WORK TO BE COMPLETED | Below are entries; count the lines containing the string "longleftrightarrow". The answer is that number alone.

====== INPUT RECORDS ======

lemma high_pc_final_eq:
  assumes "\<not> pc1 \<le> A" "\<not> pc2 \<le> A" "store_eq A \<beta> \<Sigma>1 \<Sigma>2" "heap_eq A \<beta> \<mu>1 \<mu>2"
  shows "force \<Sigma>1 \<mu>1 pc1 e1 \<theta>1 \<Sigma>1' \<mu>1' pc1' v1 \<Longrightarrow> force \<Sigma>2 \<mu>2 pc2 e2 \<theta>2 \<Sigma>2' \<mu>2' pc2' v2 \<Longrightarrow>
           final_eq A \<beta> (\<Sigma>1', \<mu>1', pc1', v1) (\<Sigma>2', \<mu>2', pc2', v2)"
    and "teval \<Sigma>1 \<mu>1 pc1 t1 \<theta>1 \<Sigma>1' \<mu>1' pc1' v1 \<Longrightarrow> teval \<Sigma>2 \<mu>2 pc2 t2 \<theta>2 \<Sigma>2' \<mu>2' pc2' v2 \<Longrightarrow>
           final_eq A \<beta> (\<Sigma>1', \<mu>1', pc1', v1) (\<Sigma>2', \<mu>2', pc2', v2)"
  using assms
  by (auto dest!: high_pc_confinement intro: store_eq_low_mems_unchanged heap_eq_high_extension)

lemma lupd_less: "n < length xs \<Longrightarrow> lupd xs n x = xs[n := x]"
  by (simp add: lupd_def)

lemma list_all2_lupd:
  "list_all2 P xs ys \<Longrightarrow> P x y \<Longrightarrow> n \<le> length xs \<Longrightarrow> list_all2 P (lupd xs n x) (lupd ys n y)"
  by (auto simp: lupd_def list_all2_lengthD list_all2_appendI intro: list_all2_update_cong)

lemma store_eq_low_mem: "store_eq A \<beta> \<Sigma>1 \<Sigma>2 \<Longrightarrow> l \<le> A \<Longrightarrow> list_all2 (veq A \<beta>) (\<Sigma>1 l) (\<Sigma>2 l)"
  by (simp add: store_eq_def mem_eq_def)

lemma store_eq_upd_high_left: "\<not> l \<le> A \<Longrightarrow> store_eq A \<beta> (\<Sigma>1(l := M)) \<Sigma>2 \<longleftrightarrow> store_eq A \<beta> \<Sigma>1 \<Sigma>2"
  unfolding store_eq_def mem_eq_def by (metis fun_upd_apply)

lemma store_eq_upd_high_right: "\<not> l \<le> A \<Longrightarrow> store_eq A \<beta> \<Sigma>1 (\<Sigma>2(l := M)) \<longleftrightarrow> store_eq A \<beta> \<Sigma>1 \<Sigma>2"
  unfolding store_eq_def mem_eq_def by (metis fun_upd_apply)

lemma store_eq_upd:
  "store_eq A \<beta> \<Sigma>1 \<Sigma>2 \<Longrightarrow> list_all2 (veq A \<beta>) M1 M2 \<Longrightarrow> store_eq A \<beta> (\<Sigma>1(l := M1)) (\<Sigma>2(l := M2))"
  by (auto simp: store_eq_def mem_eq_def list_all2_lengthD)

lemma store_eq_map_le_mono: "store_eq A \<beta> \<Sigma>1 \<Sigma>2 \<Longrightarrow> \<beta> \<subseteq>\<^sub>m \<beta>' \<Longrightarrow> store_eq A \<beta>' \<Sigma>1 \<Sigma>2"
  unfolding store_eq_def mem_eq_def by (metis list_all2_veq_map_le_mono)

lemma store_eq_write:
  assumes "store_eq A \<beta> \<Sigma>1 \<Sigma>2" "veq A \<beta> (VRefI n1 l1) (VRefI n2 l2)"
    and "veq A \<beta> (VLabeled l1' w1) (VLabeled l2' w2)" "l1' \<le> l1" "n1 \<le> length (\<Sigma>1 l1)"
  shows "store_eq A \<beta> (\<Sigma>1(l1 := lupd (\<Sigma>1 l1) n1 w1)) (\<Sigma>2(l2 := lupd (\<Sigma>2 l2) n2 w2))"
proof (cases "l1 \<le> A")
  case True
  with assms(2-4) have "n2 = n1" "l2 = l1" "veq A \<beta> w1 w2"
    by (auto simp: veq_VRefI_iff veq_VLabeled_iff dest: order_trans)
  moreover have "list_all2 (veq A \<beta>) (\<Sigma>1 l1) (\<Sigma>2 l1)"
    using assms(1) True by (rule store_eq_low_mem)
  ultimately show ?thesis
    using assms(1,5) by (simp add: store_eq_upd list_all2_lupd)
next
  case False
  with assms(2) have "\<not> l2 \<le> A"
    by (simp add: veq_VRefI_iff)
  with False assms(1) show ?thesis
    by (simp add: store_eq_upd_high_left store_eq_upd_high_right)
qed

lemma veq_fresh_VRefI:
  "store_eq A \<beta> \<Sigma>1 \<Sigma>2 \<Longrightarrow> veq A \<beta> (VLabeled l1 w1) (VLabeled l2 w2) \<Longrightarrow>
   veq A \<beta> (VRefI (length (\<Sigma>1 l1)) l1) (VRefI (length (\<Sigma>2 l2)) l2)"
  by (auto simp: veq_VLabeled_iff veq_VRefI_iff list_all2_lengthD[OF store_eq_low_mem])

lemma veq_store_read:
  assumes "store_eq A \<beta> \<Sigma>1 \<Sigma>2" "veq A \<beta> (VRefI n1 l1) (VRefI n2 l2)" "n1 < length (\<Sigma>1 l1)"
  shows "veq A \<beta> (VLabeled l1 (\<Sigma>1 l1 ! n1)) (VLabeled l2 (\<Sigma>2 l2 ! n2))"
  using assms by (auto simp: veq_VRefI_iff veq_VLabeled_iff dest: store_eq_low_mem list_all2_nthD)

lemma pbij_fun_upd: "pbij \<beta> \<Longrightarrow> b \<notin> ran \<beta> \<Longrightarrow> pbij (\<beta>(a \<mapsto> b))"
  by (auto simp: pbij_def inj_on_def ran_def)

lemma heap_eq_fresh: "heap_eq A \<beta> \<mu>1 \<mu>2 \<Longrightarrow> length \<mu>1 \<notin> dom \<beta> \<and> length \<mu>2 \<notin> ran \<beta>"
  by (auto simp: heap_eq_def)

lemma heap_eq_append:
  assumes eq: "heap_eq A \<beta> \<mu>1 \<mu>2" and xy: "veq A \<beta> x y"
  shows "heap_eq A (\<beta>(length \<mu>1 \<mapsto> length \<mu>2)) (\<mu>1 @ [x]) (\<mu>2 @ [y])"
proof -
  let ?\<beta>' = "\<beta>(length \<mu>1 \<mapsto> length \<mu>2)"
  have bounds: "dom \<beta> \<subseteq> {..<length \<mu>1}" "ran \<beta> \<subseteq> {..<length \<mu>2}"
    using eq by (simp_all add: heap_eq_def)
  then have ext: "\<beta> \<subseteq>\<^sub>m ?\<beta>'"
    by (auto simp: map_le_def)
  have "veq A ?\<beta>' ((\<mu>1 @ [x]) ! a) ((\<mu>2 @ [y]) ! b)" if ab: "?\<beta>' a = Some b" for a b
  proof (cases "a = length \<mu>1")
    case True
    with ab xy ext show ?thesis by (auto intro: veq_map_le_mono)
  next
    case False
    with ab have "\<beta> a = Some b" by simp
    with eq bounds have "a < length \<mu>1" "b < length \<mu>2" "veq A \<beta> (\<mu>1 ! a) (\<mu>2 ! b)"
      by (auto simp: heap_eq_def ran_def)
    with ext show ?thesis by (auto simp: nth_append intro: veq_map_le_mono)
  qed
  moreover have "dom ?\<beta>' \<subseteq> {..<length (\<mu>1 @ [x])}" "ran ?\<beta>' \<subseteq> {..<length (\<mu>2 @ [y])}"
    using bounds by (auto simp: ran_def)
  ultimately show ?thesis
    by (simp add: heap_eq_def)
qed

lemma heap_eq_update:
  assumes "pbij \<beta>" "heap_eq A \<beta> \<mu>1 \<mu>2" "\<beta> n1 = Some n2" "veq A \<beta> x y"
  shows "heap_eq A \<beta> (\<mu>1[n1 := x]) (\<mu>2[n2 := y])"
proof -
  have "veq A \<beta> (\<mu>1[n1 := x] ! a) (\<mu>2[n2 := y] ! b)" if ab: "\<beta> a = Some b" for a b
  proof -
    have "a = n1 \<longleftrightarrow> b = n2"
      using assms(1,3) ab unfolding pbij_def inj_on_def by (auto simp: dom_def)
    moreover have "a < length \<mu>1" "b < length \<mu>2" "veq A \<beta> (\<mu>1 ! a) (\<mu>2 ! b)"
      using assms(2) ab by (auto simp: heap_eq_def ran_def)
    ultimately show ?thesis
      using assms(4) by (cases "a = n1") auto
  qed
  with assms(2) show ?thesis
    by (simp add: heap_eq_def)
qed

======

EXERCISE ANSWER | 3